Il Gruppo intergovernativo sui cambiamenti climatici (IPCC), sponsorizzato dalle Nazioni Unite, ha recentemente pubblicato il suo ultimo rapporto completo sullo stato del clima terrestre. Il tanto atteso rapporto ha dominato i titoli dei giornali per alcuni giorni all’inizio di agosto, per poi scomparire rapidamente tra le ultime notizie dall’Afghanistan, la quarta ondata di infezioni da Covid-19 negli Stati Uniti e tutti gli ultimi brontolii politici. Il rapporto è vasto ed esauriente nella sua portata e merita un’attenzione più mirata al di fuori dei circoli scientifici specialistici rispetto a quella ricevuta finora.

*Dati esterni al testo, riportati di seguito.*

lemma ln_ratio_expansion:
  fixes a t g s C :: real
  assumes a: "1 \<le> a" and s: "0 \<le> s" "s \<le> 1" and C: "0 \<le> C" "4 * C * s \<le> 1"
    and g: "\<bar>g\<bar> \<le> C * s^2" and t: "\<bar>t - a - g\<bar> \<le> C * s^3"
  shows "\<bar>a * ln (t / a) - g\<bar> \<le> (8 * a * C^2 + C) * s^3"
proof -
  define x where "x = (t - a) / a"
  have ax: "a * x = t - a" unfolding x_def using a by simp
  have t_div: "t / a = 1 + x" unfolding x_def using a by (simp add: field_simps)
  have s32: "s^3 \<le> s^2" and s43: "s^4 \<le> s^3" using s by (simp_all add: power_decreasing)
  have "\<bar>t - a\<bar> \<le> C * s^2 + C * s^3" using g t by linarith
  also have "\<dots> \<le> 2 * C * s^2" using mult_left_mono[OF s32 C(1)] by linarith
  finally have "\<bar>t - a\<bar> \<le> 2 * C * s^2" .
  moreover have "\<bar>x\<bar> \<le> \<bar>t - a\<bar>"
    unfolding x_def using a by (simp add: abs_divide divide_le_eq mult_le_cancel_left1)
  ultimately have x: "\<bar>x\<bar> \<le> 2 * C * s^2" by linarith
  have "2 * C * s^2 = 2 * (C * s) * s" by (simp add: power2_eq_square)
  also have "\<dots> \<le> 2 * (1/4) * 1" using C s by (intro mult_mono) auto
  finally have "\<bar>x\<bar> \<le> 1/2" using x by linarith
  then have ln: "\<bar>ln (1 + x) - x\<bar> \<le> 2 * x^2" by (rule abs_ln_one_plus_x_minus_x_bound)
  have "x^2 \<le> (2 * C * s^2)^2" using power_mono[OF x, of 2] by simp
  also have "\<dots> = 4 * C^2 * s^4" by (simp add: power_mult_distrib flip: power_mult)
  also have "\<dots> \<le> 4 * C^2 * s^3" using s43 by (intro mult_left_mono) auto
  finally have x2: "x^2 \<le> 4 * C^2 * s^3" .
  have "a * ln (t / a) - g = a * (ln (1 + x) - x) + (t - a - g)"
    unfolding t_div using ax by (simp add: algebra_simps)
  then have "\<bar>a * ln (t / a) - g\<bar> \<le> \<bar>a * (ln (1 + x) - x)\<bar> + \<bar>t - a - g\<bar>"
    by (simp only: abs_triangle_ineq)
  also have "\<dots> = a * \<bar>ln (1 + x) - x\<bar> + \<bar>t - a - g\<bar>" using a by (simp add: abs_mult)
  also have "\<dots> \<le> a * (8 * C^2 * s^3) + C * s^3"
    using ln x2 t a by (intro add_mono mult_left_mono) auto
  also have "\<dots> = (8 * a * C^2 + C) * s^3" by (simp add: algebra_simps)
  finally show ?thesis .
qed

Il rapporto afferma molto di ciò che già sapevamo sullo stato del clima globale, ma lo fa con molta più chiarezza e precisione rispetto ai rapporti precedenti. Rimuove diversi elementi di incertezza dal quadro climatico, compresi alcuni che sono serviti erroneamente a rassicurare i potenti interessi e il pubblico più ampio sul fatto che le cose potrebbero non essere così brutte come pensavamo. Le ultime conclusioni dell'IPCC rafforzano e rafforzano in modo significativo tutti gli avvertimenti più urgenti emersi negli ultimi 30-40 anni di scienza del clima. Merita di essere compreso molto più pienamente di quanto la maggior parte dei media abbia lasciato intendere, sia per quello che dice, sia per quello che non dice sul futuro del clima e sulle sue prospettive per l’integrità di tutta la vita sulla terra.
Prima un po 'di storia. Dal 1990, l'IPCC ha pubblicato una serie di valutazioni esaustive sullo stato del clima terrestre, in genere ogni 5 – 6 anni. I rapporti hanno centinaia di autori, sono lunghi molte centinaia di pagine (questo ne ha oltre 3000) e rappresentano il consenso scientifico internazionale emerso dal periodo successivo al rapporto precedente. Invece di pubblicare un rapporto completo nel 2019, come originariamente previsto, l’IPCC ha seguito il mandato delle Nazioni Unite di pubblicare tre rapporti speciali: sulle implicazioni del riscaldamento superiore a 1.5 gradi (tutte le temperature qui sono in gradi Celsius tranne dove diversamente indicato), e su le particolari implicazioni del cambiamento climatico per le terre e gli oceani della terra. Pertanto il sesto rapporto di valutazione globale (denominato AR6) verrà pubblicato nel 2021-22 invece di due anni prima. Anche il rapporto pubblicato la scorsa settimana presenta solo il lavoro del primo gruppo di lavoro dell’IPCC (WGI), focalizzato sulla scienza fisica del cambiamento climatico. Gli altri due rapporti, sugli impatti climatici (comprese le implicazioni per la salute, l’agricoltura, le foreste, la biodiversità, ecc.) e sulla mitigazione del clima – comprese le misure politiche proposte – saranno pubblicati rispettivamente nel prossimo febbraio e marzo. Mentre il rapporto scientifico di base riceve in genere molta più copertura da parte della stampa, il secondo rapporto sugli impatti climatici e sulle vulnerabilità è spesso il più rivelatore, descrivendo in dettaglio come sia gli ecosistemi che le comunità umane sperimenteranno gli impatti dei cambiamenti climatici.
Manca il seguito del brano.